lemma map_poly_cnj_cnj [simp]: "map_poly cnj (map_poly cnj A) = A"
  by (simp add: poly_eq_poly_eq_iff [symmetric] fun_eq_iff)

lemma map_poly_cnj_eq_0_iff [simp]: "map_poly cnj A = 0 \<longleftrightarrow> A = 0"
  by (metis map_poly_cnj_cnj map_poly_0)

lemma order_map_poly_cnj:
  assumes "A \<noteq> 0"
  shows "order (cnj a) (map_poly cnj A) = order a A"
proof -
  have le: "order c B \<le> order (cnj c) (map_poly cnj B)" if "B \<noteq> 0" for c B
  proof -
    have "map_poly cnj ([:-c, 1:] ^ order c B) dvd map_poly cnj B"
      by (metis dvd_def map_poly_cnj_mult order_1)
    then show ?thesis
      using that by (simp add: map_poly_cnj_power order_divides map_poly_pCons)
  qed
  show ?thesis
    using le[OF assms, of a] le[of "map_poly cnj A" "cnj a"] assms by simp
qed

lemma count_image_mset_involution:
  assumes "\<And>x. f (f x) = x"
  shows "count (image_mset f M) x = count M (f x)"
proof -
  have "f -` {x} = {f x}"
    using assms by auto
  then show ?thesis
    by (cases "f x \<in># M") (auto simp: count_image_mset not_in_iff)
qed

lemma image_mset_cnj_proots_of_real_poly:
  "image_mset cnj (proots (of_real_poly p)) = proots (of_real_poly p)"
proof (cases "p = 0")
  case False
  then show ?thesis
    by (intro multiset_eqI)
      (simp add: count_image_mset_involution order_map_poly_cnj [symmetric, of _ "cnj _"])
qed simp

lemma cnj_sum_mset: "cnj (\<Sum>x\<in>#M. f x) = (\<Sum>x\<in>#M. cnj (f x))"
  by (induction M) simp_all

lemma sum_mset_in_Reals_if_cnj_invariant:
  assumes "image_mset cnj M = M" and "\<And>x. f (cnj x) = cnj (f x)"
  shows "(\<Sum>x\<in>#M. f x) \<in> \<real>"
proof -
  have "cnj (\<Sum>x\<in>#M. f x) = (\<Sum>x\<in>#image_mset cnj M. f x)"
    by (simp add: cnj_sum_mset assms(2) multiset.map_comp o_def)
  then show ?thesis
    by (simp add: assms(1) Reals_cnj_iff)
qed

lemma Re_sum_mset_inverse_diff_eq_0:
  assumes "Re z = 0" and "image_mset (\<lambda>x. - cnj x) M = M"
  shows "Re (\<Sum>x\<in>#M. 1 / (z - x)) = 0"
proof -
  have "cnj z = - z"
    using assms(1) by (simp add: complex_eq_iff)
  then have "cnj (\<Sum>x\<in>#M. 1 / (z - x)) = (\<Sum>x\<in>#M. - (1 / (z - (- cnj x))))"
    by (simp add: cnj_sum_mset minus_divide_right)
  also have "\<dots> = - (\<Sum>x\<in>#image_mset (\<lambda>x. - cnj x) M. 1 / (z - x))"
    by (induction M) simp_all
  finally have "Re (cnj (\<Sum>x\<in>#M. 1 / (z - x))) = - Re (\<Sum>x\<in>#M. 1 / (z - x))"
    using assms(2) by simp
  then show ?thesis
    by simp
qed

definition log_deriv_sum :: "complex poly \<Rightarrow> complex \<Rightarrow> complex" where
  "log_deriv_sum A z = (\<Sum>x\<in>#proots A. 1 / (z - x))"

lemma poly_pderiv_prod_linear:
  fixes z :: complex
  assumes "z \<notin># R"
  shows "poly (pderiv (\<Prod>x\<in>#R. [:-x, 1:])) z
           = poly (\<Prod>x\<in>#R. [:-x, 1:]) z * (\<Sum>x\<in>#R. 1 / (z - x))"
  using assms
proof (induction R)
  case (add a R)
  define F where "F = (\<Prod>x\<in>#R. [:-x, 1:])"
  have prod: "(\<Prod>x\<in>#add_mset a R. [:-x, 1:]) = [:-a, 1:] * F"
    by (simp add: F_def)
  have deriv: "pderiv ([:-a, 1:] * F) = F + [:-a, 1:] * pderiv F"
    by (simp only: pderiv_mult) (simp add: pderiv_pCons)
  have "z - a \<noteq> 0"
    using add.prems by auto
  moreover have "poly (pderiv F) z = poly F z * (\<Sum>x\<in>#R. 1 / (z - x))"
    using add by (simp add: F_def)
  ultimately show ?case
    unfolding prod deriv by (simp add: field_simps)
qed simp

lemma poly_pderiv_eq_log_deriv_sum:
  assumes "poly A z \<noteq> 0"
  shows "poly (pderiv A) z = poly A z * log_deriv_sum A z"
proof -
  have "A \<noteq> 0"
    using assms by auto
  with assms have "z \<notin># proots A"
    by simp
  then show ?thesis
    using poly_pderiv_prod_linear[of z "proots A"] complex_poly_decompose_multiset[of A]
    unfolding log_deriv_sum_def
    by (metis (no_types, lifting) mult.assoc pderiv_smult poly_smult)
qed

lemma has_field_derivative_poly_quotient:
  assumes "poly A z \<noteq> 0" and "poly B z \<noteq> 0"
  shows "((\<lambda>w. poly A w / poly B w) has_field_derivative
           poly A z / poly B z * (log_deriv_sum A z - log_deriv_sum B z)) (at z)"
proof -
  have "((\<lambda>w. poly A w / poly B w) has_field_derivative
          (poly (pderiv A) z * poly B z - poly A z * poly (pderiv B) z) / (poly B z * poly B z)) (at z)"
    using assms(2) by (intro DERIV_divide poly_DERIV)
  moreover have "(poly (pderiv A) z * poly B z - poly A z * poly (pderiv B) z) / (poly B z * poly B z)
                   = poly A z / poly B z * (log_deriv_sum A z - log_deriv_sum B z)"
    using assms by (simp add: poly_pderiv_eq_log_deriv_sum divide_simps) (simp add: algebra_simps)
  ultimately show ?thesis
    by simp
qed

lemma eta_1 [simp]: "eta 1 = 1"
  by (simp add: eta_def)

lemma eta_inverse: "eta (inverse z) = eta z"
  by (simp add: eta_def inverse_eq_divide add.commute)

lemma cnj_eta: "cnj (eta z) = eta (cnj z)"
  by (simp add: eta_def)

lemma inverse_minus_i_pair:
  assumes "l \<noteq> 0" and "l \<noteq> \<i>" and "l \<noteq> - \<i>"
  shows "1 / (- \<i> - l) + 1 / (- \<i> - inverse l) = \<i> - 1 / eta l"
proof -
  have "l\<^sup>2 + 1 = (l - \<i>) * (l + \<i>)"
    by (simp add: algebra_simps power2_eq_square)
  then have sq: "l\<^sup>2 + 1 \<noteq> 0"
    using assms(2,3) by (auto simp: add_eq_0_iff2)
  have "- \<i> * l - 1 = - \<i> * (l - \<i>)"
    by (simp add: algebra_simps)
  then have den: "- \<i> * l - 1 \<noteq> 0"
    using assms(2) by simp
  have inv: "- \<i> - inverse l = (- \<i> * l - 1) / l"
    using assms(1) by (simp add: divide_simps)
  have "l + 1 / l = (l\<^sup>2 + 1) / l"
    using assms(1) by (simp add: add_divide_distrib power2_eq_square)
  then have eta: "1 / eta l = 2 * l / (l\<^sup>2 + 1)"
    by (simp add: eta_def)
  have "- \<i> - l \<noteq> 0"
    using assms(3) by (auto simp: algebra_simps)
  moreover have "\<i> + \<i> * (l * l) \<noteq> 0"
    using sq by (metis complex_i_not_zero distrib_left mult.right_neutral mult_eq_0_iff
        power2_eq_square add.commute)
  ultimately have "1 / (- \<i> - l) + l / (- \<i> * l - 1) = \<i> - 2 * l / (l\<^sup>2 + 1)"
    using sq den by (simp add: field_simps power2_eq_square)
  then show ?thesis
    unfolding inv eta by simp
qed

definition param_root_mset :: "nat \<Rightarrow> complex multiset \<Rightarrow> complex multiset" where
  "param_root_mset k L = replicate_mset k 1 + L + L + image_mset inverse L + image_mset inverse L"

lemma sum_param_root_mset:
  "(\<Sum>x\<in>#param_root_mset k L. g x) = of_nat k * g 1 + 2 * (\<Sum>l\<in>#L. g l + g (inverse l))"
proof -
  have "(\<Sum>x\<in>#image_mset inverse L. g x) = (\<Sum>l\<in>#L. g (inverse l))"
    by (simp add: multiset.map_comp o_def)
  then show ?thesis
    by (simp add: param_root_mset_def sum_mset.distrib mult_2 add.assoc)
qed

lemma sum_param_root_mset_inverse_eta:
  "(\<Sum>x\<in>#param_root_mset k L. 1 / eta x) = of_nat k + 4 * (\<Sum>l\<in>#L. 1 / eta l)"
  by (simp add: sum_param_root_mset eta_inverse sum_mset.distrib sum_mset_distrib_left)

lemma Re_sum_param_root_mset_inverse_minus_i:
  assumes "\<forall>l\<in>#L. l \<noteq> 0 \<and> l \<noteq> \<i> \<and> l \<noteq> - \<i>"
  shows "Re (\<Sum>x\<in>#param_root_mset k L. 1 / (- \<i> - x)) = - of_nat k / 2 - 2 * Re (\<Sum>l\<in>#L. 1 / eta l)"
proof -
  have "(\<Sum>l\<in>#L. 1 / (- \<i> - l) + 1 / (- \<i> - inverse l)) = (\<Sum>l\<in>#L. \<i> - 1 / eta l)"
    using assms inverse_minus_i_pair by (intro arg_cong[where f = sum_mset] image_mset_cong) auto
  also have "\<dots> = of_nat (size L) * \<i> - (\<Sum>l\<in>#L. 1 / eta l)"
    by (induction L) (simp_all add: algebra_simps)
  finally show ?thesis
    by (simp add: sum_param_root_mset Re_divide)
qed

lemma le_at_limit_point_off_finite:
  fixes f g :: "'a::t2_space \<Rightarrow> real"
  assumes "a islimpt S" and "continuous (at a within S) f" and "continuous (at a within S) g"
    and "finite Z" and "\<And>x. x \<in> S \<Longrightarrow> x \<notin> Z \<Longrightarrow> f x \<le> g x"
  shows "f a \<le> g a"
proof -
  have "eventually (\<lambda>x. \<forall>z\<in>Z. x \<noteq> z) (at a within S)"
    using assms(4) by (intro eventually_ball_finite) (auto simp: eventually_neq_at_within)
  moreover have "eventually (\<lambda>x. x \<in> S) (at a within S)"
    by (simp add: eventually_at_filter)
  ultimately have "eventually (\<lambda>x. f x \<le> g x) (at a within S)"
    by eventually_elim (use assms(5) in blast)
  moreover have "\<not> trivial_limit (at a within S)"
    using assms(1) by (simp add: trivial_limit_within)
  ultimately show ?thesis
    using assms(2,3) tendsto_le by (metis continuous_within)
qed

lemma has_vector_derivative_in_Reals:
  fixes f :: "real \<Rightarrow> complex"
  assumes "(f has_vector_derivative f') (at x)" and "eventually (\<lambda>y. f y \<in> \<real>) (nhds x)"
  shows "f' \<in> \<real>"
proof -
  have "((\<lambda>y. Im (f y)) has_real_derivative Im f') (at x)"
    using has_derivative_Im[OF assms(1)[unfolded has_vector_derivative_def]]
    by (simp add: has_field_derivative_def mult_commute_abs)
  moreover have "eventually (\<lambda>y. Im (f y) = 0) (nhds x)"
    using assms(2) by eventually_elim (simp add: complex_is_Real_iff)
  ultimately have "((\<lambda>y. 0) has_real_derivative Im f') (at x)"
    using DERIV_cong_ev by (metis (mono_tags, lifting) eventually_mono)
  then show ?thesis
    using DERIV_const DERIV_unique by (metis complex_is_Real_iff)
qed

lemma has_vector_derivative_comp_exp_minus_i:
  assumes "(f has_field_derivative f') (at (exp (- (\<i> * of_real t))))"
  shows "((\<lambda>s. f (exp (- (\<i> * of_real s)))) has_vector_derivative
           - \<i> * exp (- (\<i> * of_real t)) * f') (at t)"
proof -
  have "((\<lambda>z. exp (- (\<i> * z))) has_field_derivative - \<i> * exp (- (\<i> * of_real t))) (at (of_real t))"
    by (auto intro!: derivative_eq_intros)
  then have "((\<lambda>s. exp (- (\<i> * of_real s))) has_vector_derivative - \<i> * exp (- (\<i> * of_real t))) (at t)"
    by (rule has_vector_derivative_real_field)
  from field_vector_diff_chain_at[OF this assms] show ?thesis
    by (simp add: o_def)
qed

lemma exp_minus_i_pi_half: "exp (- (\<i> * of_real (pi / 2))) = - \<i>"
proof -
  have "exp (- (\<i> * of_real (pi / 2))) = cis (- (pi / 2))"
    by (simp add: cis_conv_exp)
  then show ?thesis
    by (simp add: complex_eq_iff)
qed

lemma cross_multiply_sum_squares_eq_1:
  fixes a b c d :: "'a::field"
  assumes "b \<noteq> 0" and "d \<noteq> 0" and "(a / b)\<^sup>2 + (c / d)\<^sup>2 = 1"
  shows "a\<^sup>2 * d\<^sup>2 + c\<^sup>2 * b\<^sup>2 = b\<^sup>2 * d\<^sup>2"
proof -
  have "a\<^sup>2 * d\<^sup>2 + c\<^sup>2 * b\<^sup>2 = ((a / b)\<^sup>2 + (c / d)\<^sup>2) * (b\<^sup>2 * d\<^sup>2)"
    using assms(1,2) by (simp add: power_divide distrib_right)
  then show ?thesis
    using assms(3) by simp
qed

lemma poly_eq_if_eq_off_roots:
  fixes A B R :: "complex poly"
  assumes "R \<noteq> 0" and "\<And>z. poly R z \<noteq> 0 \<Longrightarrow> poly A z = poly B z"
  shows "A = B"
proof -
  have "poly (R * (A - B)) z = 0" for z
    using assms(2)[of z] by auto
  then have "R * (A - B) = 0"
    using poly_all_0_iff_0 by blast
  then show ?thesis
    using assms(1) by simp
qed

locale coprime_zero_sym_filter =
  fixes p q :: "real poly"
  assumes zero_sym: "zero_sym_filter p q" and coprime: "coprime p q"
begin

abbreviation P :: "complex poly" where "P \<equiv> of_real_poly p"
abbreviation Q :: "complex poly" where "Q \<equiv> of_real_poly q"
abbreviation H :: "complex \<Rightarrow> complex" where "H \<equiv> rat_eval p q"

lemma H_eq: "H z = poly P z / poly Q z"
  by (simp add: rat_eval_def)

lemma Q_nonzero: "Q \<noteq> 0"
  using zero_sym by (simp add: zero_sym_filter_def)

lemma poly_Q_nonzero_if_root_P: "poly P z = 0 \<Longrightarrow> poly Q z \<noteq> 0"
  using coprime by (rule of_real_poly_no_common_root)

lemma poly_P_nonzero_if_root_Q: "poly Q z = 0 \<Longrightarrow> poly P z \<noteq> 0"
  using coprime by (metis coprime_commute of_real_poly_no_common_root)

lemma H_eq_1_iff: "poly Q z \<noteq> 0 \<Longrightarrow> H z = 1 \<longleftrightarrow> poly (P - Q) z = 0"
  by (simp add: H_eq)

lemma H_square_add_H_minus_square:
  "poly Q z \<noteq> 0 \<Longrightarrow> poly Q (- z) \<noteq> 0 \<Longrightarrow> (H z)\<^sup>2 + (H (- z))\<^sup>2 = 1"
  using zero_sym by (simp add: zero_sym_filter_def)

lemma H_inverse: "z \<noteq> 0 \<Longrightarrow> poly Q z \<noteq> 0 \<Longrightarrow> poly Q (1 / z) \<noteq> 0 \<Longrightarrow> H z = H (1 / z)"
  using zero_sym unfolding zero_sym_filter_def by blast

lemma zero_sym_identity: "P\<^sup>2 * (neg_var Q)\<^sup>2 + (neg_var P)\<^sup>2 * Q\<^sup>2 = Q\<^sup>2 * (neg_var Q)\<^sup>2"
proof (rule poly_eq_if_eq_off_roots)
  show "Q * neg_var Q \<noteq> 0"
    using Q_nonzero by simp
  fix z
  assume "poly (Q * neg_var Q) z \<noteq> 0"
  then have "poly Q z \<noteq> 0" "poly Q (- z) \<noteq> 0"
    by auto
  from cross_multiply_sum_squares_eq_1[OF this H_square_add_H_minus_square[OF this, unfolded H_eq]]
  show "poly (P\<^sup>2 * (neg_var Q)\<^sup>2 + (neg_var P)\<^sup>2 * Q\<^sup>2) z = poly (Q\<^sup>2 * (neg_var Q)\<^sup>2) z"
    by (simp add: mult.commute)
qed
* * *
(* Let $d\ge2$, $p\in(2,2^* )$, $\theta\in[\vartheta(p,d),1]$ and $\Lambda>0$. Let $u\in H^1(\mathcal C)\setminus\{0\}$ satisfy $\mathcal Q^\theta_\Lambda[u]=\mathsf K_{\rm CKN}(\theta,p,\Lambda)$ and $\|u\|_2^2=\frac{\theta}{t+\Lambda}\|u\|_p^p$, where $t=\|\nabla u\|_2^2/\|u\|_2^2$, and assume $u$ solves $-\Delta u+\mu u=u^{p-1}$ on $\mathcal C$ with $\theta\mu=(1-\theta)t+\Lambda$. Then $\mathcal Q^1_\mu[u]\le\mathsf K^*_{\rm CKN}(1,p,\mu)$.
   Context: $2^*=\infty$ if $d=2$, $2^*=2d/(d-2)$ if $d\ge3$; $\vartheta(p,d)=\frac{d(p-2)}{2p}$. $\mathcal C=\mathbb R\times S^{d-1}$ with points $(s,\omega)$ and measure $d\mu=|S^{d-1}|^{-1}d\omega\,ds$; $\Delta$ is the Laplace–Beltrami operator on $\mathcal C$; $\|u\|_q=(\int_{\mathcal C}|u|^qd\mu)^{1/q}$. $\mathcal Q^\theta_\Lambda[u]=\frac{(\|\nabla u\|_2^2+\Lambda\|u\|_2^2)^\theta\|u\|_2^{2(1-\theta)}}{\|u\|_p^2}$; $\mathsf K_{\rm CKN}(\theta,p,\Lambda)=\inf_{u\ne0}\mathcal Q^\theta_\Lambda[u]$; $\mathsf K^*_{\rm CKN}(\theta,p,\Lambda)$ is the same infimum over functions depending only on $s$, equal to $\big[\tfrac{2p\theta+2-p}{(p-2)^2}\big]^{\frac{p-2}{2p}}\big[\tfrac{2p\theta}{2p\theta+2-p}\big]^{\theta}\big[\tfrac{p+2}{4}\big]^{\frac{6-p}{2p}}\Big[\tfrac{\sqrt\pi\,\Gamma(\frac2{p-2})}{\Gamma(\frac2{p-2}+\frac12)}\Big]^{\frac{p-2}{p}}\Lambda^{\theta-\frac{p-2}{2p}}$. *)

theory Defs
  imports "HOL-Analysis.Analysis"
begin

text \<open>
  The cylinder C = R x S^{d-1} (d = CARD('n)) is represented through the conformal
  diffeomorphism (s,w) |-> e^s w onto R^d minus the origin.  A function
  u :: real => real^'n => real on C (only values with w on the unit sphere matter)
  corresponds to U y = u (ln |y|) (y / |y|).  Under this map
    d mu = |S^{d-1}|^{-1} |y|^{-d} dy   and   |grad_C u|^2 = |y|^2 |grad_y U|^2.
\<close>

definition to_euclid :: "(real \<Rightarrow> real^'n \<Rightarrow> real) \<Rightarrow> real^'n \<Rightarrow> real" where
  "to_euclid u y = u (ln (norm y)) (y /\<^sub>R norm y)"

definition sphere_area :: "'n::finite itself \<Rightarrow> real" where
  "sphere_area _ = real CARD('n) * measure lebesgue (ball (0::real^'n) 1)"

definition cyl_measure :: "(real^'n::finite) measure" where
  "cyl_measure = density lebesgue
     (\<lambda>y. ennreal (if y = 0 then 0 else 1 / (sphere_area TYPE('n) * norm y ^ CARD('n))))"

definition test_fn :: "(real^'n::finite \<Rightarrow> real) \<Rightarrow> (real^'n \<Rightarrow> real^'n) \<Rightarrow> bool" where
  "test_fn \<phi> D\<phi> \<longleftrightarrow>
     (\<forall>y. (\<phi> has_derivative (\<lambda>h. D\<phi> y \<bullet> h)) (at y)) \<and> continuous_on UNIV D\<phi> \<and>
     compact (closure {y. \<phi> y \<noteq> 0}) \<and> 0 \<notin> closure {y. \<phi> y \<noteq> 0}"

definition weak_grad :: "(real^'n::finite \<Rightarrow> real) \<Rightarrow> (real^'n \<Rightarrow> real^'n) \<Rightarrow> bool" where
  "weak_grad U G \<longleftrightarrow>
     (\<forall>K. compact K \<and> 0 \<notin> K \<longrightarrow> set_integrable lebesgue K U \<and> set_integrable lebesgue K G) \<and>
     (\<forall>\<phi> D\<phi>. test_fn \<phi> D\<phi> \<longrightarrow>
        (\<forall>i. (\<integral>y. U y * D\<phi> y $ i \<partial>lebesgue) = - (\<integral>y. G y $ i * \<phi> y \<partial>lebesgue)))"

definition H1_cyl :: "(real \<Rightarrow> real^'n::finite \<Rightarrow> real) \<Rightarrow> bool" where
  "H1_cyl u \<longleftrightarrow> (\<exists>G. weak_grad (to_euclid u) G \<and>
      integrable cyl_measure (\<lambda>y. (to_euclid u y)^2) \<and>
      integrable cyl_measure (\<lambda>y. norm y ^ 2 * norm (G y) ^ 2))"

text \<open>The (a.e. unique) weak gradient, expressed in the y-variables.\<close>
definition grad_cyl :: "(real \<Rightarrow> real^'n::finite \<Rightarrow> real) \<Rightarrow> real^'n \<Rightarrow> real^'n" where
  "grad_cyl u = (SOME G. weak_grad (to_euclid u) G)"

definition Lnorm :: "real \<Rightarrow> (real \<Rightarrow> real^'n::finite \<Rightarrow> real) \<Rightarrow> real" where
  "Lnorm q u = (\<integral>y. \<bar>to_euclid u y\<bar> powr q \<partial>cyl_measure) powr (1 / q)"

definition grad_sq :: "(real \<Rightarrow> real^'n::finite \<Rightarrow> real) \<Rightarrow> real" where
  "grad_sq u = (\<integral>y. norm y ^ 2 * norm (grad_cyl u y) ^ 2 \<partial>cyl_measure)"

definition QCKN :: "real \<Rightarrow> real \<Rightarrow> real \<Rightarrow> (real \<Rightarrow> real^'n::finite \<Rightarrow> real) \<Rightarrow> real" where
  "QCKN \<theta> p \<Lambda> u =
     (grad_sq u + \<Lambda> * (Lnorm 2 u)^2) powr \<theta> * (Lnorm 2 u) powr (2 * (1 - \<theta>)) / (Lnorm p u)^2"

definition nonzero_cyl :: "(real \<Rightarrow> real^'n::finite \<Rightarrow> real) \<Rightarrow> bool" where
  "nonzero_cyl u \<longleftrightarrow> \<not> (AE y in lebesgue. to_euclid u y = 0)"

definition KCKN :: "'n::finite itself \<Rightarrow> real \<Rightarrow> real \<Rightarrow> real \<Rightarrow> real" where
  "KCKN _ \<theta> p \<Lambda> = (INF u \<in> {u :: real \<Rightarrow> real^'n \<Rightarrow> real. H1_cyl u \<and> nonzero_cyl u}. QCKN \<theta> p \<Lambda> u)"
* * *
INSTRUCTIONS FOR THE TASK ::
Copy only this part of the entries above: the line with "using add by (simp add: F_def)", the line with "by (simp add: eta_def inverse_eq_divide", and the lines between, all exactly as written.

ANSWER SECTION ::
    using add by (simp add: F_def)
  ultimately show ?case
    unfolding prod deriv by (simp add: field_simps)
qed simp

lemma poly_pderiv_eq_log_deriv_sum:
  assumes "poly A z \<noteq> 0"
  shows "poly (pderiv A) z = poly A z * log_deriv_sum A z"
proof -
  have "A \<noteq> 0"
    using assms by auto
  with assms have "z \<notin># proots A"
    by simp
  then show ?thesis
    using poly_pderiv_prod_linear[of z "proots A"] complex_poly_decompose_multiset[of A]
    unfolding log_deriv_sum_def
    by (metis (no_types, lifting) mult.assoc pderiv_smult poly_smult)
qed

lemma has_field_derivative_poly_quotient:
  assumes "poly A z \<noteq> 0" and "poly B z \<noteq> 0"
  shows "((\<lambda>w. poly A w / poly B w) has_field_derivative
           poly A z / poly B z * (log_deriv_sum A z - log_deriv_sum B z)) (at z)"
proof -
  have "((\<lambda>w. poly A w / poly B w) has_field_derivative
          (poly (pderiv A) z * poly B z - poly A z * poly (pderiv B) z) / (poly B z * poly B z)) (at z)"
    using assms(2) by (intro DERIV_divide poly_DERIV)
  moreover have "(poly (pderiv A) z * poly B z - poly A z * poly (pderiv B) z) / (poly B z * poly B z)
                   = poly A z / poly B z * (log_deriv_sum A z - log_deriv_sum B z)"
    using assms by (simp add: poly_pderiv_eq_log_deriv_sum divide_simps) (simp add: algebra_simps)
  ultimately show ?thesis
    by simp
qed

lemma eta_1 [simp]: "eta 1 = 1"
  by (simp add: eta_def)

lemma eta_inverse: "eta (inverse z) = eta z"
  by (simp add: eta_def inverse_eq_divide add.commute)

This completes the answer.